* **Problem requirements**
Determine the number of lines in the data that contain "lambda", and write only that number.

_ _ _ _ _

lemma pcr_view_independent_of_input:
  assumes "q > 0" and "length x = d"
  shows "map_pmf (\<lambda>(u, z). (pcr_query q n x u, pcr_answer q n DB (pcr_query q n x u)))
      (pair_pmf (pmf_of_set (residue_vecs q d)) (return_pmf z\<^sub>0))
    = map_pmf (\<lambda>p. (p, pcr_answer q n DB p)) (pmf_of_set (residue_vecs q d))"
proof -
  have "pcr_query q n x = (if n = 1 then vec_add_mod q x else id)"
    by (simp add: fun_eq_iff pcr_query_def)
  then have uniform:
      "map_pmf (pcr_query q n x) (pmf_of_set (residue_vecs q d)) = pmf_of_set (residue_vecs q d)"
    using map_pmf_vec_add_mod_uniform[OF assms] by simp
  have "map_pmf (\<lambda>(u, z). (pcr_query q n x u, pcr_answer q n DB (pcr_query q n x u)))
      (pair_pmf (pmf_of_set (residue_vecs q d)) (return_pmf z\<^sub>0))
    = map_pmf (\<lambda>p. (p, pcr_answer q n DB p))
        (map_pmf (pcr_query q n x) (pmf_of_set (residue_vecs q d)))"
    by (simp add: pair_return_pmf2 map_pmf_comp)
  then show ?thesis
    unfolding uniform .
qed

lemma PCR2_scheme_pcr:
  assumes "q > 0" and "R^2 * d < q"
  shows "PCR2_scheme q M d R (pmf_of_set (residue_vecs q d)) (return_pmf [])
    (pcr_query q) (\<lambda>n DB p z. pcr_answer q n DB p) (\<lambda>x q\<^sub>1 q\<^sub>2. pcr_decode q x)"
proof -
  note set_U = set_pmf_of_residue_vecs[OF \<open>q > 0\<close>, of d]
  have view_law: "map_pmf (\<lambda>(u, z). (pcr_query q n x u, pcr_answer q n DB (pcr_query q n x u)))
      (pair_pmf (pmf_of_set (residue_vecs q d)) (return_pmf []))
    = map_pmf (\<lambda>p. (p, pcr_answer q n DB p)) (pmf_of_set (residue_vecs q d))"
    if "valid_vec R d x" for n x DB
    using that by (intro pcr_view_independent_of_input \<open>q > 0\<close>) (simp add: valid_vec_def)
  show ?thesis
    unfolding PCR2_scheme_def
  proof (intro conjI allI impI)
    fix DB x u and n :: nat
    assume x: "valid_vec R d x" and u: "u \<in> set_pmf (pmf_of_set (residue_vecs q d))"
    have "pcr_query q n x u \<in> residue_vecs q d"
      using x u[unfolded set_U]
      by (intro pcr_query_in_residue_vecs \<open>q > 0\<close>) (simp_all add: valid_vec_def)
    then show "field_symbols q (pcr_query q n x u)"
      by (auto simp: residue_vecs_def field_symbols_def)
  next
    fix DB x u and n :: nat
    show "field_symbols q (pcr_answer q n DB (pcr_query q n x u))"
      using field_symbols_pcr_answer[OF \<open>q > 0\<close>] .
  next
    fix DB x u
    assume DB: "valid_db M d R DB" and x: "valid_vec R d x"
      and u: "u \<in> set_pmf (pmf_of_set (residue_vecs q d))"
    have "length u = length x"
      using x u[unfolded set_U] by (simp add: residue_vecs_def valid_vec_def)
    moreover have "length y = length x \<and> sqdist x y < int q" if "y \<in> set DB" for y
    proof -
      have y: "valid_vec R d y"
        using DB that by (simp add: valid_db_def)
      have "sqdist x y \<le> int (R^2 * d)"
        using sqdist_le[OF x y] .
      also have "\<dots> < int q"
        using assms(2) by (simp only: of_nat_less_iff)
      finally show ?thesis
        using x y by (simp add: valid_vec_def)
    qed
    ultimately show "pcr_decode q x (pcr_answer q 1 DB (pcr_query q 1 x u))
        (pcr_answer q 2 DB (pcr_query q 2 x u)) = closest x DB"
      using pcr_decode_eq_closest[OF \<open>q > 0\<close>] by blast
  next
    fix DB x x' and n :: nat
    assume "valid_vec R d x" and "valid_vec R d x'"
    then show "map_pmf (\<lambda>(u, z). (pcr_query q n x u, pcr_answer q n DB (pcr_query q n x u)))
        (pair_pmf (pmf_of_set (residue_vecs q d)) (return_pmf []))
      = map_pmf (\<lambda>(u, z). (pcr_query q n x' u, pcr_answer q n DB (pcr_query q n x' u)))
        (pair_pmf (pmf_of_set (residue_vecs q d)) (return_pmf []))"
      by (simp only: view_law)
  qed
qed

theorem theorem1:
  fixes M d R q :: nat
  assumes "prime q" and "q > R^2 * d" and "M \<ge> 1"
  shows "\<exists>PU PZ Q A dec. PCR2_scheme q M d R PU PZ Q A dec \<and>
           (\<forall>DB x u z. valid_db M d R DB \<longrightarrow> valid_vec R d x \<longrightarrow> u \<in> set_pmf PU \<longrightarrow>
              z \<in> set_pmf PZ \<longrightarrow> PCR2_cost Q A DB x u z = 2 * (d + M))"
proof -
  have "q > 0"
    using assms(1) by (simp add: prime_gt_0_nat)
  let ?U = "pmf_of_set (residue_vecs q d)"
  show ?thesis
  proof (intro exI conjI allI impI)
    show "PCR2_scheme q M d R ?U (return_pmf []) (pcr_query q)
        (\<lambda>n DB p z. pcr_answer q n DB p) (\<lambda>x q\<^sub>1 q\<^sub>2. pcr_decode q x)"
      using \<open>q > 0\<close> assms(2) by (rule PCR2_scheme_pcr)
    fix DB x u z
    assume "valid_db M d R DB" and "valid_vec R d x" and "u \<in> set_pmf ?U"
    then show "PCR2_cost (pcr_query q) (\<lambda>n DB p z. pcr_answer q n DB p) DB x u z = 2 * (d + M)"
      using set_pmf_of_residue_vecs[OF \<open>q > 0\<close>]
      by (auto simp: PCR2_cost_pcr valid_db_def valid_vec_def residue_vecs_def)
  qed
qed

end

_ _ _ _ _

* **Answer to the exercise**
11